HOW TO COMPLETE THIS TASK:
Take the material below and reproduce, word for word, only the lines from the line with "F G) \<subseteq>" through the line with "g f) c \<in>".

INFORMATION SHOWN:
= = = = = = =
lemma imp_mono:
  assumes "b \<le> c"
  shows "imp a b \<le> imp a c"
proof -
  have "imp a b = inf (imp a b) (imp a c)" using assms imp_inf[of a b c] by (simp add: inf_absorb1)
  then show ?thesis by (metis inf_le2)
qed

lemma imp_antimono:
  assumes "a \<le> b"
  shows "imp b c \<le> imp a c"
proof -
  have "imp (sup a b) c \<le> inf (imp a c) (imp b c)"
    using conditional unfolding conditional_algebra_def by blast
  then show ?thesis using assms by (simp add: sup_absorb2)
qed

lemma congruence_filter_top_class:
  assumes \<theta>: "congruence imp \<theta>"
  shows "congruence_filter imp (top_class \<theta>)"
  unfolding congruence_filter_def
proof (intro conjI ballI allI)
  show "is_filter (top_class \<theta>)" using is_filter_top_class[OF \<theta>] .
next
  fix f a assume "f \<in> top_class \<theta>"
  then have "(imp a f, imp a top) \<in> \<theta>"
    using congruence_imp[OF \<theta> congruence_refl[OF \<theta>]] by (simp add: top_class_def)
  then show "imp a f \<in> top_class \<theta>" by (simp add: top_class_def imp_top)
next
  fix f a c assume "f \<in> top_class \<theta>"
  then have "(inf a f, a) \<in> \<theta>"
    using congruence_inf[OF \<theta> congruence_refl[OF \<theta>]] by (fastforce simp: top_class_def)
  then have "(- imp (inf a f) c, - imp a c) \<in> \<theta>"
    by (meson \<theta> congruence_compl congruence_imp congruence_refl)
  then have "(sup (- imp (inf a f) c) (imp a c), sup (- imp a c) (imp a c)) \<in> \<theta>"
    using congruence_sup[OF \<theta> _ congruence_refl[OF \<theta>]] by blast
  then show "sup (- imp (inf a f) c) (imp a c) \<in> top_class \<theta>"
    by (simp add: top_class_def compl_sup_top)
qed

lemma filter_congruence_imp:
  assumes F: "congruence_filter imp F"
    and ab: "(a, b) \<in> filter_congruence F" and cd: "(c, d) \<in> filter_congruence F"
  shows "(imp a c, imp b d) \<in> filter_congruence F"
proof -
  have "sym (filter_congruence F)" "trans (filter_congruence F)"
    using equiv_filter_congruence[OF congruence_filter_is_filter[OF F]] by (auto elim: equivE)
  note sym = symD[OF this(1)] and trans = transD[OF this(2)]
  have right: "(imp x c, imp x d) \<in> filter_congruence F" for x
  proof -
    obtain h where h: "h \<in> F" "inf c h = inf d h" using cd unfolding filter_congruence_def by blast
    have "inf (imp x c) (imp x h) = inf (imp x d) (imp x h)"
      using h(2) by (simp flip: imp_inf)
    then show ?thesis
      using congruence_filter_imp[OF F h(1)] unfolding filter_congruence_def by blast
  qed
  have left: "(imp x z, imp (inf x h) z) \<in> filter_congruence F" if "h \<in> F" for x h z
  proof -
    let ?e = "sup (- imp (inf x h) z) (imp x z)"
    have "imp x z \<le> imp (inf x h) z" by (simp add: imp_antimono)
    then have "inf (imp x z) ?e = inf (imp (inf x h) z) ?e"
      by (simp add: inf_sup_distrib1 inf_absorb1 inf_absorb2 sup_absorb2)
    then show ?thesis
      using congruence_filter_imp_inf[OF F that] unfolding filter_congruence_def by blast
  qed
  obtain h where h: "h \<in> F" "inf a h = inf b h" using ab unfolding filter_congruence_def by blast
  have "(imp a d, imp (inf b h) d) \<in> filter_congruence F" using left[of h a d] h by simp
  then have "(imp a d, imp b d) \<in> filter_congruence F" using trans sym left[of h b d] h(1) by blast
  then show ?thesis using trans[OF right] by blast
qed

lemma congruence_filter_congruence:
  assumes "congruence_filter imp F"
  shows "congruence imp (filter_congruence F)"
proof -
  have F: "is_filter F" using congruence_filter_is_filter[OF assms] .
  show ?thesis
    unfolding congruence_def
    by (intro conjI allI impI equiv_filter_congruence[OF F] filter_congruence_inf_sup[OF F]
        filter_congruence_imp[OF assms] filter_congruence_compl)
qed

lemma bij_betw_top_class:
  "bij_betw top_class {\<theta>. congruence imp \<theta>} {F. congruence_filter imp F}"
  by (rule bij_betw_byWitness[where f' = filter_congruence])
    (auto simp: filter_congruence_top_class top_class_filter_congruence
      congruence_filter_top_class congruence_filter_congruence congruence_filter_is_filter)

end

section \<open>T_A-closed sets\<close>

lemma minimal_C_set_exists:
  assumes "is_filter G\<^sub>0" and "D_imp imp x G\<^sub>0 \<subseteq> y"
  obtains M where "is_filter M" "G\<^sub>0 \<subseteq> M" "D_imp imp x M \<subseteq> y" "phi M \<in> C_set imp x y"
    "\<forall>Z\<in>C_set imp x y. Z \<subseteq> phi M \<longrightarrow> Z = phi M"
proof -
  have chain_closed: "D_imp imp x (\<Union>C) \<subseteq> y"
    if "subset.chain {G. is_filter G \<and> G\<^sub>0 \<subseteq> G \<and> D_imp imp x G \<subseteq> y} C" for C
    using that unfolding subset.chain_def D_imp_def by blast
  obtain M where M: "is_filter M" "G\<^sub>0 \<subseteq> M" "D_imp imp x M \<subseteq> y"
    and maximal: "\<And>G. is_filter G \<Longrightarrow> M \<subseteq> G \<Longrightarrow> D_imp imp x G \<subseteq> y \<Longrightarrow> G = M"
    by (rule maximal_filter_exists[of G\<^sub>0 "\<lambda>G. D_imp imp x G \<subseteq> y"]) (use assms chain_closed in auto)
  have "Z = phi M" if Z: "Z \<in> C_set imp x y" "Z \<subseteq> phi M" for Z
  proof -
    obtain G where G: "is_filter G" "Z = phi G" "D_imp imp x G \<subseteq> y"
      using Z(1) unfolding C_set_def T_A_def by blast
    then have "M \<subseteq> G" using phi_subset_phi_iff[OF M(1) G(1)] Z(2) by blast
    then show ?thesis using maximal G by blast
  qed
  moreover have "phi M \<in> C_set imp x y"
    unfolding C_set_def stone_closed_def T_A_def using M by blast
  ultimately show ?thesis using that[OF M] by blast
qed

lemma congruence_filter_subset_D_imp:
  assumes "congruence_filter imp F" and "F \<subseteq> x" and "is_filter G"
  shows "F \<subseteq> D_imp imp x G"
  unfolding D_imp_def
  using assms congruence_filter_imp is_filter_top by blast

context
  fixes imp :: "'a::boolean_algebra \<Rightarrow> 'a \<Rightarrow> 'a"
  assumes conditional: "conditional_algebra imp"
begin

lemma is_filter_imp_preimage:
  assumes x: "is_filter x"
  shows "is_filter {b. imp a b \<in> x}"
  unfolding is_filter_def
proof (intro conjI ballI allI impI; simp)
  show "imp a top \<in> x" using is_filter_top[OF x] by (simp add: imp_top[OF conditional])
next
  fix b c assume "imp a b \<in> x" "b \<le> c"
  then show "imp a c \<in> x" using is_filter_up[OF x] imp_mono[OF conditional] by blast
next
  fix b c assume "imp a b \<in> x" "imp a c \<in> x"
  then show "imp a (inf b c) \<in> x" using is_filter_inf[OF x] by (simp add: imp_inf[OF conditional])
qed

lemma D_imp_principal:
  assumes "is_filter x"
  shows "D_imp imp x (principal a) \<subseteq> {b. imp a b \<in> x}"
  unfolding D_imp_def principal_def
  using is_filter_up[OF assms] imp_antimono[OF conditional] by blast

lemma D_imp_filter_join:
  assumes F: "congruence_filter imp F" and x: "is_filter x" "F \<subseteq> x"
  shows "D_imp imp x (filter_join F G) \<subseteq> D_imp imp x G"
proof
  fix c assume "c \<in> D_imp imp x (filter_join F G)"
  then obtain b f g where "imp b c \<in> x" "f \<in> F" "g \<in> G" "inf g f \<le> b"
    unfolding D_imp_def filter_join_def by (auto simp: inf_commute)
  then have "imp (inf g f) c \<in> x"
    using is_filter_up[OF x(1)] imp_antimono[OF conditional] by blast
  moreover have "sup (- imp (inf g f) c) (imp g c) \<in> x"
    using congruence_filter_imp_inf[OF F \<open>f \<in> F\<close>] x(2) by blast
  ultimately have "imp g c \<in> x" by (rule is_filter_mp[OF x(1)])
  then show "c \<in> D_imp imp x G" unfolding D_imp_def using \<open>g \<in> G\<close> by blast
qed

text \<open>If Z = phi G is minimal in C x y, the join of F and G yields an element of C x y
  below Z, so by minimality F \<subseteq> G.\<close>
lemma TA_closed_phi:
  assumes F: "congruence_filter imp F"
  shows "TA_closed imp (phi F)"
proof -
  have "Z \<subseteq> phi F \<and> y \<in> phi F"
    if "x \<in> phi F" "y \<in> Ul" "Z \<in> C_set imp x y"
      and minimal: "\<forall>Z'\<in>C_set imp x y. Z' \<subseteq> Z \<longrightarrow> Z' = Z" for x y Z
  proof -
    have x: "is_filter x" "F \<subseteq> x" using \<open>x \<in> phi F\<close> Ul_filter unfolding phi_def by auto
    obtain G where G: "is_filter G" "Z = phi G" "D_imp imp x G \<subseteq> y"
      using \<open>Z \<in> C_set imp x y\<close> unfolding C_set_def T_A_def by blast
    let ?J = "filter_join F G"
    have J: "is_filter ?J" using is_filter_join[OF congruence_filter_is_filter[OF F] G(1)] .
    have "phi ?J \<in> C_set imp x y"
      unfolding C_set_def stone_closed_def T_A_def
      using J D_imp_filter_join[OF F x] G(3) by blast
    moreover have "phi ?J \<subseteq> Z"
      using phi_subset_phi_iff[OF G(1) J] filter_join_upper2[OF congruence_filter_is_filter[OF F]] G(2)
      by blast
    ultimately have "phi ?J = phi G" using minimal G(2) by blast
    then have "F \<subseteq> G"
      using phi_subset_phi_iff[OF J G(1)] filter_join_upper1[OF G(1), of F] by blast
    then have "Z \<subseteq> phi F" using G(2) unfolding phi_def by blast
    moreover have "F \<subseteq> y" using congruence_filter_subset_D_imp[OF F x(2) G(1)] G(3) by blast
    ultimately show ?thesis using \<open>y \<in> Ul\<close> unfolding phi_def by blast
  qed
  moreover have "stone_closed (phi F)"
    unfolding stone_closed_def using congruence_filter_is_filter[OF F] by blast
  ultimately show ?thesis unfolding TA_closed_def by blast
qed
= = = = = = =
OUTPUT FOR THIS TASK:
  shows "D_imp imp x (filter_join F G) \<subseteq> D_imp imp x G"
proof
  fix c assume "c \<in> D_imp imp x (filter_join F G)"
  then obtain b f g where "imp b c \<in> x" "f \<in> F" "g \<in> G" "inf g f \<le> b"
    unfolding D_imp_def filter_join_def by (auto simp: inf_commute)
  then have "imp (inf g f) c \<in> x"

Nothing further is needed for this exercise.